Is It Time for Liberals to Curl Up With a Good Book?

By Neal 

Over at the Huffington Post, Jennifer Nix talks about how four straight years of progressive activism against the neo-con machine and no fiction reading left “my soul… running on empty,” until Aleksandar Hemon‘s The Lazarus Projectresurrected my love of literature.” Mind you, it’s not as if she’s embracing escapist literature here:

“The book will sear into your mind the similar ways in which immigrants to America have been treated, then and now, in the wake of 9/11, Guantanamo and Abu Ghraib. Hemon quotes at several points from journalistic accounts of Averbuch’s death in 1908, on which the police and media collude to create a cover-up… Change a few words, and it could be just about any day on Fox News Channel… Swap ‘terrorist’ or ‘illegal alien’ for ‘anarchist’ and you’ve got today’s cable-news-fed hysteria toward any Muslim, Mexican or other dark-skinned immigrant—or citizen—in America today.”

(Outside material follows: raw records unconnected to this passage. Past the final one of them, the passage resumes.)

(* The following three subalgebras of the $q$-shuffle algebra $(\mathbb V,\star)$ coincide: (i) the subalgebra generated by $\{C_n\}_{n=1}^\infty$; (ii) the subalgebra generated by $\{xC_ny\}_{n=0}^\infty$ (free products $xC_ny$); (iii) the subalgebra generated by $\{\tilde G_n\}_{n=1}^\infty$, where $\tilde G_n=xyxy\cdots xy$ is the word consisting of $n$ consecutive copies of $xy$.
   Context: $\mathbb F$ is a field of characteristic zero and $q\in\mathbb F$ is nonzero and not a root of unity; $[n]_q=(q^n-q^{-n})/(q-q^{-1})$. $\mathbb V$ is the free algebra on noncommuting letters $x,y$; a word is a product of letters (the empty word is $1$), and words form a basis. The $q$-shuffle product $\star$ on $\mathbb V$ is the bilinear product with $1\star v=v\star 1=v$ and, for nontrivial words $u=u_1\cdots u_r$, $v=v_1\cdots v_s$ (letters $u_i,v_j$), $u\star v=u_1\bigl((u_2\cdots u_r)\star v\bigr)+v_1\bigl(u\star(v_2\cdots v_s)\bigr)q^{(u_1,v_1)+(u_2,v_1)+\cdots+(u_r,v_1)}$, where juxtaposition is concatenation and $(x,x)=(y,y)=2$, $(x,y)=(y,x)=-2$. Subalgebras contain the identity $1$. Set $\overline x=1$, $\overline y=-1$. A word $u_1\cdots u_n$ is Catalan if $\overline u_1+\cdots+\overline u_i\ge0$ for $1\le i\le n-1$ and $=0$ for $i=n$. For $n\in\mathbb N$, $C_n=\sum u_1u_2\cdots u_{2n}\,[1]_q[1+\overline u_1]_q[1+\overline u_1+\overline u_2]_q\cdots[1+\overline u_1+\cdots+\overline u_{2n}]_q$, summed over all Catalan words of length $2n$ (so $C_0=1$). *)

theory Defs
  imports Main
begin

text \<open>Words are lists of letters; an element of V is represented by its coefficient
  function on words (only finitely supported ones arise below).\<close>

datatype letter = X | Y

type_synonym 'f vec = "letter list \<Rightarrow> 'f"

definition ip :: "letter \<Rightarrow> letter \<Rightarrow> int" where
  "ip a b = (if a = b then 2 else -2)"

definition lcons :: "letter \<Rightarrow> 'f::zero vec \<Rightarrow> 'f vec" where
  "lcons a f = (\<lambda>w. case w of [] \<Rightarrow> 0 | c # w' \<Rightarrow> (if c = a then f w' else 0))"

definition rsnoc :: "'f::zero vec \<Rightarrow> letter \<Rightarrow> 'f vec" where
  "rsnoc f b = (\<lambda>w. if w \<noteq> [] \<and> last w = b then f (butlast w) else 0)"

definition single_word :: "letter list \<Rightarrow> 'f::{zero,one} vec" where
  "single_word u = (\<lambda>w. if w = u then 1 else 0)"

function qsh :: "'f::field \<Rightarrow> letter list \<Rightarrow> letter list \<Rightarrow> 'f vec" where
  "qsh q [] v = single_word v"
| "qsh q (a # u) [] = single_word (a # u)"
| "qsh q (a # u) (b # v) =
     (\<lambda>w. lcons a (qsh q u (b # v)) w
          + q powi (\<Sum>c\<leftarrow>a # u. ip c b) * lcons b (qsh q (a # u) v) w)"
  by pat_completeness auto
termination by (relation "measure (\<lambda>(q, u, v). length u + length v)") auto

definition supp :: "'f::zero vec \<Rightarrow> letter list set" where
  "supp f = {u. f u \<noteq> 0}"

definition qstar :: "'f::field \<Rightarrow> 'f vec \<Rightarrow> 'f vec \<Rightarrow> 'f vec" where
  "qstar q f g = (\<lambda>w. \<Sum>u\<in>supp f. \<Sum>v\<in>supp g. f u * g v * qsh q u v w)"

inductive_set gen_subalg :: "'f::field \<Rightarrow> 'f vec set \<Rightarrow> 'f vec set"
  for q :: 'f and S :: "'f vec set" where
  one: "single_word [] \<in> gen_subalg q S"
| base: "s \<in> S \<Longrightarrow> s \<in> gen_subalg q S"
| add: "a \<in> gen_subalg q S \<Longrightarrow> b \<in> gen_subalg q S \<Longrightarrow> (\<lambda>w. a w + b w) \<in> gen_subalg q S"
| smult: "a \<in> gen_subalg q S \<Longrightarrow> (\<lambda>w. c * a w) \<in> gen_subalg q S"
| star: "a \<in> gen_subalg q S \<Longrightarrow> b \<in> gen_subalg q S \<Longrightarrow> qstar q a b \<in> gen_subalg q S"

“Let’s start telling each other about other works of literature that rock our worlds,” Nix exhorts. “Perhaps progressive blogs could start featuring some short stories and discussing more novels—old and new—to better remember our past, and to nurture and cherish existing and emerging artistic talent. Let’s resurrect, and grow the audience for serious literature again…” Wait, isn’t that what the book blogs are supposed to be for, if the newspapers can’t get their act together? I kid because I love: While there are times when it’s convenient to have conversations bracketed off into purely literary realms, in most respects I think we could agree that there’s a false dichotomy between “the books we love” and “the rest of our lives.” And anything that keeps reading in the frame and fabric of American life has got to be okay with those of us in the publishing industry, right?